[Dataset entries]
lemma nn_integral_div_condp_le:
  fixes P :: "('a::finite \<times> 'b) pmf" and k :: "'a \<Rightarrow> 'b \<Rightarrow> real"
  assumes k_nonneg: "\<And>x y. 0 \<le> k x y" and k_sum: "\<And>y. (\<Sum>x\<in>UNIV. k x y) \<le> C"
  shows "(\<integral>\<^sup>+z. ennreal (k (fst z) (snd z) / condp P (fst z) (snd z)) \<partial>P) \<le> ennreal C"
proof -
  \<comment> \<open>where \<open>condp P x y = 0\<close>, also \<open>pmf P (x, y) = 0\<close>, so the junk value \<open>k x y / 0 = 0\<close> is harmless\<close>
  have pointwise: "pmf P (x, y) * (k x y / condp P x y) \<le> pmf (map_pmf snd P) y * k x y" for x y
    using k_nonneg[of x y] condp_nonneg[of P x y]
    by (cases "condp P x y = 0") (simp_all add: pmf_eq_pmf_snd_mult_condp)
  have "(\<integral>\<^sup>+z. ennreal (k (fst z) (snd z) / condp P (fst z) (snd z)) \<partial>P)
      = (\<integral>\<^sup>+y. ennreal (\<Sum>x\<in>UNIV. pmf P (x, y) * (k x y / condp P x y)) \<partial>count_space UNIV)"
    by (subst nn_integral_pmf_prod_finite_real) (auto intro: divide_nonneg_nonneg k_nonneg condp_nonneg)
  also have "\<dots> \<le> (\<integral>\<^sup>+y. ennreal (pmf (map_pmf snd P) y) * ennreal C \<partial>count_space UNIV)"
  proof (rule nn_integral_mono)
    fix y
    have "(\<Sum>x\<in>UNIV. pmf P (x, y) * (k x y / condp P x y)) \<le> pmf (map_pmf snd P) y * C"
    proof -
      have "(\<Sum>x\<in>UNIV. pmf P (x, y) * (k x y / condp P x y))
          \<le> (\<Sum>x\<in>UNIV. pmf (map_pmf snd P) y * k x y)"
        by (rule sum_mono[OF pointwise])
      also have "\<dots> \<le> pmf (map_pmf snd P) y * C"
        unfolding sum_distrib_left[symmetric] by (rule mult_left_mono[OF k_sum pmf_nonneg])
      finally show ?thesis .
    qed
    then show "ennreal (\<Sum>x\<in>UNIV. pmf P (x, y) * (k x y / condp P x y))
        \<le> ennreal (pmf (map_pmf snd P) y) * ennreal C"
      by (simp add: ennreal_mult'[symmetric] ennreal_leI)
  qed
  also have "\<dots> = (\<integral>\<^sup>+y. ennreal C \<partial>map_pmf snd P)"
    by (rule nn_integral_measure_pmf[symmetric])
  also have "\<dots> = ennreal C"
    by (simp add: measure_pmf.emeasure_space_1)
  finally show ?thesis .
qed
(* Let $G$ be a finite simple graph of order $n\ge 4$ without isolated vertices and with maximum degree $\Delta(G)=n-3$. Fix a vertex $v$ with $\deg(v)=\Delta(G)$. (i) If $G$ is disconnected, then $\gamma_t(G)=4$ and $TDV(v)=n-3$. (ii) If $G$ is connected, then either $\gamma_t(G)=2$ and $TDV(v)\le n-3$, or $\gamma_t(G)=3$ and $TDV(v)\le \left(\frac{n-3}{2}\right)^2+2(n-4)$.
   Context: A set $D \subseteq V(G)$ is a total dominating set of $G$ if every vertex of $G$ has a neighbor in $D$. $\gamma_t(G)$ is the minimum cardinality of a total dominating set; a minimum one is a $\gamma_t(G)$-set. $TDV(v)$ is the number of $\gamma_t(G)$-sets containing $v$. *)

theory Defs
  imports Complex_Main
begin

definition simple_graph :: "'a set \<Rightarrow> ('a \<Rightarrow> 'a \<Rightarrow> bool) \<Rightarrow> bool" where
  "simple_graph V E \<longleftrightarrow> finite V \<and> (\<forall>x y. E x y \<longrightarrow> x \<in> V \<and> y \<in> V)
     \<and> (\<forall>x y. E x y \<longrightarrow> E y x) \<and> (\<forall>x. \<not> E x x)"

definition neighbors :: "'a set \<Rightarrow> ('a \<Rightarrow> 'a \<Rightarrow> bool) \<Rightarrow> 'a \<Rightarrow> 'a set" where
  "neighbors V E v = {u \<in> V. E v u}"

definition degree :: "'a set \<Rightarrow> ('a \<Rightarrow> 'a \<Rightarrow> bool) \<Rightarrow> 'a \<Rightarrow> nat" where
  "degree V E v = card (neighbors V E v)"

definition max_degree :: "'a set \<Rightarrow> ('a \<Rightarrow> 'a \<Rightarrow> bool) \<Rightarrow> nat" where
  "max_degree V E = Max (degree V E ` V)"

definition no_isolated :: "'a set \<Rightarrow> ('a \<Rightarrow> 'a \<Rightarrow> bool) \<Rightarrow> bool" where
  "no_isolated V E \<longleftrightarrow> (\<forall>v\<in>V. neighbors V E v \<noteq> {})"

definition connected_graph :: "'a set \<Rightarrow> ('a \<Rightarrow> 'a \<Rightarrow> bool) \<Rightarrow> bool" where
  "connected_graph V E \<longleftrightarrow> V \<noteq> {} \<and> (\<forall>x\<in>V. \<forall>y\<in>V. E\<^sup>*\<^sup>* x y)"

definition total_dominating :: "'a set \<Rightarrow> ('a \<Rightarrow> 'a \<Rightarrow> bool) \<Rightarrow> 'a set \<Rightarrow> bool" where
  "total_dominating V E D \<longleftrightarrow> D \<subseteq> V \<and> (\<forall>v\<in>V. \<exists>u\<in>D. E v u)"

definition gamma_t :: "'a set \<Rightarrow> ('a \<Rightarrow> 'a \<Rightarrow> bool) \<Rightarrow> nat" where
  "gamma_t V E = (LEAST k. \<exists>D. total_dominating V E D \<and> card D = k)"

definition gamma_t_sets :: "'a set \<Rightarrow> ('a \<Rightarrow> 'a \<Rightarrow> bool) \<Rightarrow> 'a set set" where
  "gamma_t_sets V E = {D. total_dominating V E D \<and> card D = gamma_t V E}"

definition TDV :: "'a set \<Rightarrow> ('a \<Rightarrow> 'a \<Rightarrow> bool) \<Rightarrow> 'a \<Rightarrow> nat" where
  "TDV V E v = card {D \<in> gamma_t_sets V E. v \<in> D}"

end

theory Submission
  imports Defs
begin

text \<open>
  Since \<open>deg v = n - 3\<close>, exactly two vertices \<open>a\<close>, \<open>b\<close> lie outside the closed neighbourhood
  of \<open>v\<close>, and \<open>G\<close> is connected iff one of them has a neighbour in \<open>N(v)\<close>. Otherwise \<open>ab\<close> is a
  component \<open>K\<^sub>2\<close>: every total dominating set contains \<open>a\<close>, \<open>b\<close>, some \<open>r \<in> N(v)\<close> and a
  neighbour of \<open>r\<close>, so \<open>\<gamma>\<^sub>t = 4\<close> and the minimum sets through \<open>v\<close> are exactly \<open>{a, b, v, u}\<close>,
  \<open>u \<in> N(v)\<close>.

  In the connected case \<open>v\<close> together with a dominator of \<open>a\<close> and one of \<open>b\<close> gives \<open>\<gamma>\<^sub>t \<le> 3\<close>.
  If \<open>\<gamma>\<^sub>t = 3\<close>, no vertex of \<open>N(v)\<close> is adjacent to both \<open>a\<close> and \<open>b\<close>, and every minimum set
  through \<open>v\<close> is \<open>{v, p, q}\<close> with \<open>p \<sim> a\<close>, \<open>q \<sim> b\<close>, \<open>(p, q) \<noteq> (b, a)\<close>. With
  \<open>A = N(a) \<inter> N(v)\<close>, \<open>B = N(b) \<inter> N(v)\<close> disjoint this gives
  \<open>TDV(v) \<le> (|A| + 1)(|B| + 1) - 1\<close>, and AM-GM finishes, using \<open>n \<ge> 5\<close>: a common neighbour
  of \<open>v\<close> and \<open>a\<close> has degree at least 2.
\<close>

lemma gamma_t_le:
  assumes "total_dominating V E D"
  shows "gamma_t V E \<le> card D"
  unfolding gamma_t_def by (rule Least_le) (use assms in blast)
lemma ln_Psi_iter_diff_bounds:
  assumes "0 \<le> X" "1 \<le> k"
  shows "0 \<le> ln ((Psi ^^ k) X) - ln ((Psi ^^ k) 0)"
    and "ln ((Psi ^^ k) X) - ln ((Psi ^^ k) 0) \<le> sqrt X"
proof -
  have b: "1/2 \<le> (Psi ^^ k) 0" and ab: "(Psi ^^ k) 0 \<le> (Psi ^^ k) X"
    using Psi_iter_ge_half[of 0 k] Psi_iter_mono[of 0 X k] assms by auto
  then show "0 \<le> ln ((Psi ^^ k) X) - ln ((Psi ^^ k) 0)"
    by simp
  have "ln ((Psi ^^ k) X) - ln ((Psi ^^ k) 0) \<le> ((Psi ^^ k) X - (Psi ^^ k) 0) / (Psi ^^ k) 0"
    using b ab by (intro ln_diff_le_div) auto
  also have "\<dots> \<le> ((Psi ^^ k) X - (Psi ^^ k) 0) / (1/2)"
    using b ab by (intro divide_left_mono) auto
  also have "\<dots> \<le> sqrt X"
    using Psi_iter_diff_le[OF assms] by simp
  finally show "ln ((Psi ^^ k) X) - ln ((Psi ^^ k) 0) \<le> sqrt X" .
qed

lemma ln_Psi_weight_diff_le:
  assumes "0 \<le> X" "1 \<le> r"
  shows "\<bar>2 * ln (Psi_weight r X) - 2 * ln (Psi_weight r 0)\<bar> \<le> (real r + 1) * sqrt X"
proof -
  define D where "D k = ln ((Psi ^^ k) X) - ln ((Psi ^^ k) 0)" for k
  have D: "0 \<le> D k" "D k \<le> sqrt X" if "1 \<le> k" for k
    unfolding D_def using ln_Psi_iter_diff_bounds[OF assms(1) that] by auto
  have "2 * ln (Psi_weight r X) - 2 * ln (Psi_weight r 0) = D r + (\<Sum>k\<in>{1..r}. D k)"
    using assms by (simp add: two_ln_Psi_weight D_def sum_subtractf)
  moreover have "0 \<le> (\<Sum>k\<in>{1..r}. D k)" "(\<Sum>k\<in>{1..r}. D k) \<le> r * sqrt X"
    using D sum_bounded_above[of "{1..r}" D "sqrt X"] by (auto intro: sum_nonneg)
  ultimately show ?thesis
    using D[OF assms(2)] by (simp add: algebra_simps)
qed

lemma ln_approx_by_phi_iter_slope_at_0:
  assumes "1 \<le> r" "0 < X" "X \<le> 1"
  shows "\<bar>ln X - 2 * ln (4 ^ r * phi_iter_slope r X * Psi_weight r 0)\<bar>
           \<le> (real r + 1) * 4 ^ r * phi_iter_slope r X"
proof -
  define \<eta> where "\<eta> = phi_iter_slope r X"
  have \<eta>: "0 < \<eta>"
    unfolding \<eta>_def using assms(2) by (rule phi_iter_slope_pos)
  have G: "0 < Psi_weight r X" "Psi_weight r X \<le> 1" "0 < Psi_weight r 0"
    using assms by (auto intro: Psi_weight_pos Psi_weight_le_1)
  have sqrt_X: "sqrt X = 4 ^ r * \<eta> * Psi_weight r X"
    unfolding \<eta>_def using assms(2) by (simp add: sqrt_eq_phi_iter_slope_mult_Psi_weight)
  have "ln X = 2 * ln (sqrt X)"
    using assms(2) by (simp add: ln_sqrt)
  then have "ln X - 2 * ln (4 ^ r * \<eta> * Psi_weight r 0)
      = 2 * ln (Psi_weight r X) - 2 * ln (Psi_weight r 0)"
    unfolding sqrt_X using \<eta> G by (simp add: ln_mult_pos algebra_simps)
  also have "\<bar>\<dots>\<bar> \<le> (real r + 1) * sqrt X"
    using ln_Psi_weight_diff_le[of X r] assms by simp
  also have "\<dots> \<le> (real r + 1) * 4 ^ r * \<eta>"
    unfolding sqrt_X using G \<eta> by (simp add: mult_left_le)
  finally show ?thesis
    unfolding \<eta>_def .
qed

lemma xi_star_asymptotics_at_0:
  assumes "1 \<le> r"
  shows "(\<lambda>\<eta>. xi_star r \<eta> - 2 * ln (4 ^ r * \<eta> * Psi_weight r 0)) \<in> O[at_right 0](\<lambda>\<eta>. \<eta>)"
proof (rule bigoI)
  show "\<forall>\<^sub>F \<eta> in at_right 0.
      norm (xi_star r \<eta> - 2 * ln (4 ^ r * \<eta> * Psi_weight r 0)) \<le> ((real r + 1) * 4 ^ r) * norm \<eta>"
    using eventually_at_right_real[OF phi_iter_slope_pos[OF zero_less_one]]
  proof (rule eventually_mono)
    fix \<eta> :: real
    assume "\<eta> \<in> {0<..<phi_iter_slope r 1}"
    then have \<eta>: "0 < \<eta>" "\<eta> < phi_iter_slope r 1"
      by auto
    have "continuous_on {0..1} (phi_iter_slope r)"
      by (rule continuous_on_subset[OF continuous_on_phi_iter_slope]) auto
    then obtain X where X: "0 \<le> X" "X \<le> 1" "phi_iter_slope r X = \<eta>"
      using IVT'[of "phi_iter_slope r" 0 \<eta> 1] phi_iter_slope_zero[OF assms] \<eta> by auto
    with \<eta> have "0 < X"
      using phi_iter_slope_zero[OF assms] by (cases "X = 0") auto
    with X assms show "norm (xi_star r \<eta> - 2 * ln (4 ^ r * \<eta> * Psi_weight r 0))
        \<le> ((real r + 1) * 4 ^ r) * norm \<eta>"
      using ln_approx_by_phi_iter_slope_at_0[of r X] xi_star_phi_iter_slope[of r X] \<eta> by simp
  qed
qed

THE TASK ▸ Above are records; repeat only the lines starting at the line with "E D \<longleftrightarrow>" and ending at the line with "text \<open>", exactly as they appear, both included.

ANSWER TO THE PROBLEM ▸
  "total_dominating V E D \<longleftrightarrow> D \<subseteq> V \<and> (\<forall>v\<in>V. \<exists>u\<in>D. E v u)"

definition gamma_t :: "'a set \<Rightarrow> ('a \<Rightarrow> 'a \<Rightarrow> bool) \<Rightarrow> nat" where
  "gamma_t V E = (LEAST k. \<exists>D. total_dominating V E D \<and> card D = k)"

definition gamma_t_sets :: "'a set \<Rightarrow> ('a \<Rightarrow> 'a \<Rightarrow> bool) \<Rightarrow> 'a set set" where
  "gamma_t_sets V E = {D. total_dominating V E D \<and> card D = gamma_t V E}"

definition TDV :: "'a set \<Rightarrow> ('a \<Rightarrow> 'a \<Rightarrow> bool) \<Rightarrow> 'a \<Rightarrow> nat" where
  "TDV V E v = card {D \<in> gamma_t_sets V E. v \<in> D}"

end

theory Submission
  imports Defs
begin

text \<open>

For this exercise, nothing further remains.